Но я не стал терять время. Предстояло еще посмотреть, что за парней мне навязал Геримхан Биболатов. И проверить вооружение. И вообще подумать — может быть, можно что-то самому сделать, без Геримхана, чтобы поддержать свой авторитет. Какая-то мысль в голове вертелась, но я никак не мог за нее ухватиться…
* * *Горы родные, но камни в них предатели… Шуршат под ногами, и даже дождь шуршание не скрадывает… Шаг, еще шаг… Все в напряжении и настороженности… Предельная концентрация, предельная осторожность… Чтобы никто не услышал…
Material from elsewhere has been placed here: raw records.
text \<open>Take a maximal proper simple
  subset of size at least 3 and extend it by at most two points.\<close>
theorem simple_length_bound:
  assumes inj: "inj_on v {0..<n}" and simple: "simple_on v {0..<n}"
    and small: "\<forall>T. T \<subseteq> {0..<n} \<and> T \<noteq> {0..<n} \<and> simple_on v T \<longrightarrow> card T \<le> m"
  shows "n \<le> max 4 (m + 2)"
proof (rule ccontr)
  assume "\<not> n \<le> max 4 (m + 2)"
  then have n: "5 \<le> n" "m + 2 < n" by auto
  let ?P = "{0..<n}"
  define S where "S = (\<lambda>T. T \<subseteq> ?P \<and> T \<noteq> ?P \<and> simple_on v T \<and> 3 \<le> card T)"
  have "4 \<le> n" using n by simp
  then obtain T0 where "T0 \<subseteq> ?P" "card T0 = 4" "simple_on v T0"
    using simple_4_subset[OF _ inj simple] by blast
  then have "S T0" using n unfolding S_def by auto
  moreover have "card T < Suc n" if "S T" for T
    using that card_mono[of ?P T] unfolding S_def by auto
  ultimately obtain T where T: "S T" and T_max: "\<forall>T'. S T' \<longrightarrow> card T' \<le> card T"
    using ex_has_greatest_nat[of S T0 card "Suc n"] by blast
  then have TT: "T \<subseteq> ?P" "T \<noteq> ?P" "simple_on v T" "3 \<le> card T" unfolding S_def by auto
  interpret extension_problem v ?P T
    by unfold_locales (use inj simple TT in auto)
  obtain Y where Y: "T \<subset> Y" "Y \<subseteq> ?P" "card Y \<le> card T + 2" "simple_on v Y"
    using simple_extension by blast
  have "card T < card Y"
    using Y(1,2) by (meson finite_atLeastLessThan finite_subset psubset_card_mono)
  show False
  proof (cases "Y = ?P")
    case True
    have "card T \<le> m" using small TT by blast
    then show False using Y(3) True n by simp
  next
    case False
    then have "S Y" using Y TT \<open>card T < card Y\<close> unfolding S_def by auto
    then have "card Y \<le> card T" using T_max by blast
    then show False using \<open>card T < card Y\<close> by simp
  qed
qed
definition order_emb :: "nat list \<Rightarrow> nat set \<Rightarrow> nat list \<Rightarrow> nat set \<Rightarrow> (nat \<Rightarrow> nat) \<Rightarrow> bool" where
  "order_emb p A q B h \<longleftrightarrow> (\<forall>i\<in>A. h i \<in> B) \<and> (\<forall>i\<in>A. \<forall>j\<in>A. i < j \<longrightarrow> h i < h j)
     \<and> (\<forall>i\<in>A. \<forall>j\<in>A. p!i < p!j \<longleftrightarrow> q!(h i) < q!(h j))"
В отличие от пяти недружественных друг другу эмиров в разведку я пошел сам, чтобы самому увидеть все, понять и ощутить. Только так можно потом правильное решение принять. Эмиры, памятуя о потерях в первом столкновении и зная привычную уже всем боевую готовность спецназовцев, со мной пойти не решились. Только отправили от каждого джамаата по разведчику. Я выбрался к самому повороту ущелья, хотя первоначально планировал дойти только до середины и чуть-чуть спуститься по склону — там заросли кустов, если хорошо пригнуться и не бояться натрудить ноги, позволяли пробраться скрытно. Только один из разведчиков решился пройти со мной до конца и, естественно, трое прилетевших со мной парней. Другие разведчики остановились на полдороге, то есть там, где я и собирался остановиться вначале. Они решили, что я не смелый, а просто дурак, и вперед иду только потому, что не понимаю величины угрозы. Более того, все они, включая моих разведчиков, были в камуфляжке, я же был в простом цивильном костюме, который был хорошо заметен среди зелени кустов, омытых дождями. И все равно я не боялся угрозы… Я понимал… Я всегда прекрасно понимал величину любой угрозы и только потому оставался во многих случаях в живых. Но любая угроза становится бедой только тогда, когда сам ртом воробьев ловишь и думаешь не о том, в каком месте может враг появиться, а о том, с кем сейчас твоя жена спит. Я никогда не был женат, и потому мне об этом думать не надо…
Шли осторожно, готовые к появлению федералов в любой момент. Птица бы неожиданно из-за поворота вылетела, мы бы и ее подстрелили, потому что настрой такой был — стрелять на всякое движение. Добрались мы до того самого места, где нос к носу столкнулись наши джамааты с готовыми к бою спецназовцами. Наши тоже, говоря честно, к бою должны были бы быть готовы, потому что шли и торопились на звуки перестрелки, что далеко по долине разносились. Но эта торопливость и подвела их. Звуки перестрелки слышались отчетливо и издалека, а люди, выросшие в горах, даже если им эхо мешает, умеют понимать, откуда этот звук идет. И они пока еще были непростительно расслабленны, собираясь подготовиться к тому моменту, когда окажутся к перестрелке ближе. Они еще ничего не знали о крушении вертолета. Они вообще узнали об этом только тогда, когда я высадил троих своих парней, а сам полетел на рекогносцировку. И не предполагали, с кем ведет бой эмир Геримхан Биболатов. Но даже если бы и знали, то едва ли сумели бы предвидеть такую быструю реакцию спецназовцев. Те сразу выставили заслоны в одну и в другую стороны. И заслон с нашей стороны тут же, без раздумий, включился в бой, потому что был готов к любой неожиданности. А пять джамаатов включились с опозданием, и потому полтора джамаата перестало существовать…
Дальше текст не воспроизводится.